New York Comicon 2009: Day 1 Report

One day is down at the comicon and so far, it’s gone pretty well. Being at the comicon all day is kind of weird, since time is really nebulous. There’s no windows, so one minute it’s 2:30 and the next it’s 6. Time dragged a bit early in the day, but zipped along at the end.

Today, I didn’t go to any panels, and didn’t really talk to any artists or anything. I spent most of my time sitting at the Sequart booth, talking up our books and just talking comics with some friends of Sequart. Final Crisis definitely remains the contentious topic, with lovers and haters all expressing their opinions in a discourse that features a lot more modified respectful feeling than you’ll typically see on the internet. I think it’s a testament to Grant’s work that he has created a major company event that is so personal and evokes such disparate emotions.

I also got to talk up my Invisibles book a bit to passers by. That book will be in the August previews, so it will come out sometime around October. I saw the preview copy today and it looks good.

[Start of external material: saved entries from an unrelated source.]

lemma partially_diff_uminus: "partially_diff f x \<Longrightarrow> partially_diff (\<lambda>y. - f y) x"
  by (simp add: partially_diff_iff field_differentiable_minus)

lemma partial_uminus: "partially_diff f x \<Longrightarrow> partial k (\<lambda>y. - f y) x = - partial k f x"
  by (intro partial_eqI DERIV_minus has_field_derivative_partial)

lemma partial_eq_0_if_locally_zero:
  assumes "open S" "x \<in> S" "\<And>y. y \<in> S \<Longrightarrow> f y = 0"
  shows "partial k f x = 0"
proof (rule partial_eqI)
  have "((\<lambda>z. 0) has_field_derivative 0) (at (component k x))" by simp
  moreover have "open (slice k x -` S)"
    using assms(1) by (rule open_vimage_slice)
  ultimately show "((\<lambda>z. f (slice k x z)) has_field_derivative 0) (at (component k x))"
    by (rule has_field_derivative_transform_within_open) (use assms in auto)
qed

lemma partial_affine_comp:
  assumes "partially_diff u x" "partially_diff \<beta> x" "partially_diff \<gamma> x"
    and "(P has_field_derivative P') (at (u x))"
  shows "partial k (\<lambda>y. P (u y) + \<beta> y * u y + \<gamma> y) x
           = (P' + \<beta> x) * partial k u x + (u x * partial k \<beta> x + partial k \<gamma> x)"
proof (rule partial_eqI)
  note derivs = has_field_derivative_partial[OF assms(1), of k]
    has_field_derivative_partial[OF assms(2), of k] has_field_derivative_partial[OF assms(3), of k]
  have P': "(P has_field_derivative P') (at (u (slice k x (component k x))))"
    using assms(4) by simp
  show "((\<lambda>z. P (u (slice k x z)) + \<beta> (slice k x z) * u (slice k x z) + \<gamma> (slice k x z))
          has_field_derivative (P' + \<beta> x) * partial k u x + (u x * partial k \<beta> x + partial k \<gamma> x))
          (at (component k x))"
    by (rule derivative_eq_intros DERIV_chain2[OF P' derivs(1)] derivs refl)+
      (simp add: algebra_simps)
qed

corollary partial_affine:
  assumes "partially_diff \<beta> x" "partially_diff \<gamma> x"
  shows "partial k (\<lambda>y. c0 + \<beta> y * c + \<gamma> y) x = c * partial k \<beta> x + partial k \<gamma> x"
proof -
  have "partially_diff (\<lambda>_. c) x" "partial k (\<lambda>_. c) x = 0"
    by (simp_all add: partially_diff_def partial_eqI split: prod.splits)
  then show ?thesis
    using partial_affine_comp[of "\<lambda>_. c" x \<beta> \<gamma> "\<lambda>_. c0" 0, OF _ assms] by simp
qed

definition Bcoeff1 :: "ph \<Rightarrow> complex" where
  "Bcoeff1 x = (2 * q2c x - p2c x) / (2 * q1c x)"

definition Bcoeff0 :: "complex \<Rightarrow> complex \<Rightarrow> ph \<Rightarrow> complex" where
  "Bcoeff0 t1 t2 x = q1c x ^ 2 / 6 - t1 / 2 - p1c x / (2 * q1c x)
     + (p2c x ^ 2 / 4 - q2c x ^ 2 + t2) / (2 * q1c x ^ 2)"

definition Acoeff1 :: "ph \<Rightarrow> complex" where
  "Acoeff1 x = q1c x ^ 2"

definition Acoeff0 :: "ph \<Rightarrow> complex" where
  "Acoeff0 x = 2 * q1c x * q2c x"

lemma Bpol_eq: "Bpol t1 t2 c = (\<lambda>y. c ^ 2 + Bcoeff1 y * c + Bcoeff0 t1 t2 y)"
  by (simp add: fun_eq_iff Bpol_def Bcoeff1_def Bcoeff0_def Let_def divide_simps)
    (simp add: algebra_simps)

lemma Apol_eq: "Apol c = (\<lambda>y. Acoeff1 y * c + Acoeff0 y)"
  by (simp add: fun_eq_iff Apol_def Acoeff1_def Acoeff0_def)

lemma Bcoeff1_slice_deriv:
  assumes "q1c x \<noteq> 0"
  shows "((\<lambda>z. Bcoeff1 (slice k x z)) has_field_derivative
           (case k of Q1 \<Rightarrow> - Bcoeff1 x / q1c x | Q2 \<Rightarrow> 1 / q1c x | P1 \<Rightarrow> 0
                    | P2 \<Rightarrow> - 1 / (2 * q1c x))) (at (component k x))"
  using assms by (cases x; cases k)
    (auto intro!: derivative_eq_intros
      simp: Bcoeff1_def q1c_def q2c_def p1c_def p2c_def field_simps power2_eq_square)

Besides sitting at the booth, I wandered around and picked up the Morrison/Millar Aztek and Flash trades, filling in some of the remaining gaps in my Morrison knowledge. I also grabbed a whole bunch of New Mutants and a few 80s X-Men issues to fill in the gaps in my collection for a forthcoming project, on which more will be announced later. I’m hoping to leave the con with the entirety of X-Men/New Mutants/X-Factor and the associated minis from 1974-1991 in my possession, in various forms. Thanks to the dollar bin, that’d doable at not too much money. It’s great to pay cover price on 25 year old issues.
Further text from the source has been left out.